Colts WR Da'Rick Rogers' breakout game was no aberration

12/9/13 in NFL   |   Matthew_Shovlin   |   735 respect

In most weeks of the NFL season, a few unlikely players will put together some great stat lines, only to cool off and fail to maintain their great play in future games. I think we all remember Kevin Ogletree's "breakout" game in 2012, when he lit up the New York Giants on national TV for eight catches, 114 yards, and two touchdowns. The one-hit wonder went on to top 28 yards in just two of his final 15 games with the Dallas Cowboys last season. The Cowboys let him walk as a free agent, and he was cut by the Tampa Bay Buccaneers less than a month into the 2013 campaign.

If you would prefer an example from this season, look no further than Jared Cook and Jerome Simpson, who managed 141 and 140 receiving yards in Week 1, respectively. In a combined 24 games since opening weekend, Cook and Simpson have combined for a whopping three games with 55+ receiving yards. These kind of aberrational outbursts are common in the NFL, and in many situations, fans must not get too excited about a player after just one good performance.

Blog Photo - WR Da'Rick Rogers could be a great find for the ColtsIndianapolis Colts wide receiver Da'Rick Rogers is an undrafted rookie who had never had an NFL pass thrown his way entering Week 14. Rogers managed a fantastic 6/107/2 line in the Colts' loss to the Cincinnati Bengals on Sunday, but history will tell you that those numbers are unlikely to continue. Plenty of undrafted players and late-round draft picks have had great games, but not many have had great careers. Rogers, however, is not your typical undrafted free agent.

Coming out of Calhoun High School in Georgia, Rogers committed to the University of Tennessee as the 30th ranked recruit in the nation, according to ESPN. Rogers enjoyed success almost immediately, bursting onto the national scene as a sophomore - he racked up 67 catches (led SEC), 1,040 yards (second in SEC), and nine touchdowns (second in SEC). At just 20 years of age, Rogers dominated what was arguably the best conference in college football, posting better numbers than established pros Alshon Jeffery and Rueben Randle.

Rogers' collegiate career took an unfortunate turn, however, when he failed three drug tests and was subsequently suspended indefinitely from Tennessee. Rogers decided to transfer to Tennessee Tech, where he would continue his path to the NFL while battling inferior competition. He posted 61 catches for 893 yards and ten touchdowns across ten career games at Tennessee Tech, then declared for the NFL Draft.

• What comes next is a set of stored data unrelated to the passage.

(* Let $\alpha,\nu>0$ and let $u$ be a sufficiently smooth solution of the second grade fluid equations with Dirichlet boundary condition on $\Omega$. Set $v=u-\alpha\Delta u$ and $\gamma_i(t)=\int_{\Gamma_i}v(t)\cdot n^\perp$. Then for every $i\in\{1,\dots,N\}$ and $t\ge0$, $\gamma_i(t)=\gamma_i(0)e^{-\frac\nu\alpha t}$.
   Context: $\Omega\subset\mathbb R^2$ is a smooth bounded domain with $\partial\Omega=\Gamma\cup\Gamma_1\cup\dots\cup\Gamma_N$ ($\Gamma$ the outer boundary component, $\Gamma_1,\dots,\Gamma_N$ the inner components, smooth closed curves); $n$ outward unit normal, $n^\perp$ unit tangent. The second grade fluid equations with Dirichlet boundary condition are $\partial_t(u-\alpha\Delta u)-\nu\Delta u+u\cdot\nabla(u-\alpha\Delta u)+\sum_j(u-\alpha\Delta u)_j\nabla u_j=-\nabla\pi$, $\operatorname{div}u=0$ in $\Omega$, $u|_{\partial\Omega}=0$. *)

theory Defs
  imports "HOL-Analysis.Analysis"
begin

text \<open>C-infinity functions on a Euclidean space: differentiable everywhere, and every
  partial derivative (along a basis vector) is again C-infinity (coinductively, i.e. to
  all orders).\<close>
coinductive smooth_fun :: "('a::euclidean_space \<Rightarrow> real) \<Rightarrow> bool" where
  "\<lbrakk> \<forall>x. f differentiable (at x);
     \<forall>b\<in>Basis. smooth_fun (\<lambda>x. frechet_derivative f (at x) b) \<rbrakk> \<Longrightarrow> smooth_fun f"

definition smooth_closed_curve :: "(real \<Rightarrow> real^2) \<Rightarrow> bool" where
  "smooth_closed_curve g \<longleftrightarrow>
     (\<forall>k. smooth_fun (\<lambda>s. g s $ k)) \<and>
     (\<forall>s. g (s + 1) = g s) \<and>
     (\<forall>s. vector_derivative g (at s) \<noteq> 0) \<and>
     inj_on g {0..<1}"

definition pt :: "(real \<Rightarrow> real^2 \<Rightarrow> real) \<Rightarrow> real \<Rightarrow> real^2 \<Rightarrow> real" where
  "pt F t x = deriv (\<lambda>s. F s x) t"

definition px :: "2 \<Rightarrow> (real \<Rightarrow> real^2 \<Rightarrow> real) \<Rightarrow> real \<Rightarrow> real^2 \<Rightarrow> real" where
  "px j F t x = deriv (\<lambda>h. F t (x + h *\<^sub>R axis j 1)) 0"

A very talented player with well-documented off-field issues, it was extremely tough to predict where Rogers would go on draft day. The red flags were ultimately too much for any team to spend a draft pick on him, as he went undrafted. The Buffalo Bills signed Rogers as a free agent, but he would reportedly sulk when things didn't go his way, and even taunted a teammate after a touchdown catch in practice - the Bills let him go at final cuts. After going unclaimed on waivers, the Colts eventually signed Rogers to their practice squad. With the help of hard work (as well as an injury to Reggie Wayne), Rogers finally cracked into the receiver rotation, leading to his monster Week 14 performance.

Before the 2013 NFL Draft, I rated Rogers as the fourth best player at his position, behind only Tavon Austin, Cordarrelle Patterson, and DeAndre Hopkins. Here is some of what I had to say about him back in March of 2013:
"Rogers is a big, physical prospect who outmuscles cornerbacks to make plays on the ball with strong hands. He can go over the middle to make a play in traffic, or fight with a defender on the outside for a jump ball. He lacks elite speed, but is quick after the catch with the ability to pick up extra yards."
After seeing what he did on Sunday, I stand by those words. This is your classic, all-to-typical case of an extremely talented wide receiver who holds himself back with diva-type behavior. If Rogers can keep his head on straight, he could have plenty more games like this, and as far as I know, he has not been a problem off the field in Indy, nor in the Colts' locker room.

As I said before, plenty of undrafted players have huge games then fall off the face of the earth, but Rogers is not your typical undrafted player. Many of us saw a performance like this coming, but just didn't know when or with whom it would happen. Fortunately, Rogers has finally been able to show the NFL what he can do at the highest level of the game, and with good leadership and smart decisions, this could be just the first of many hundred-yard games from this rookie pass catcher.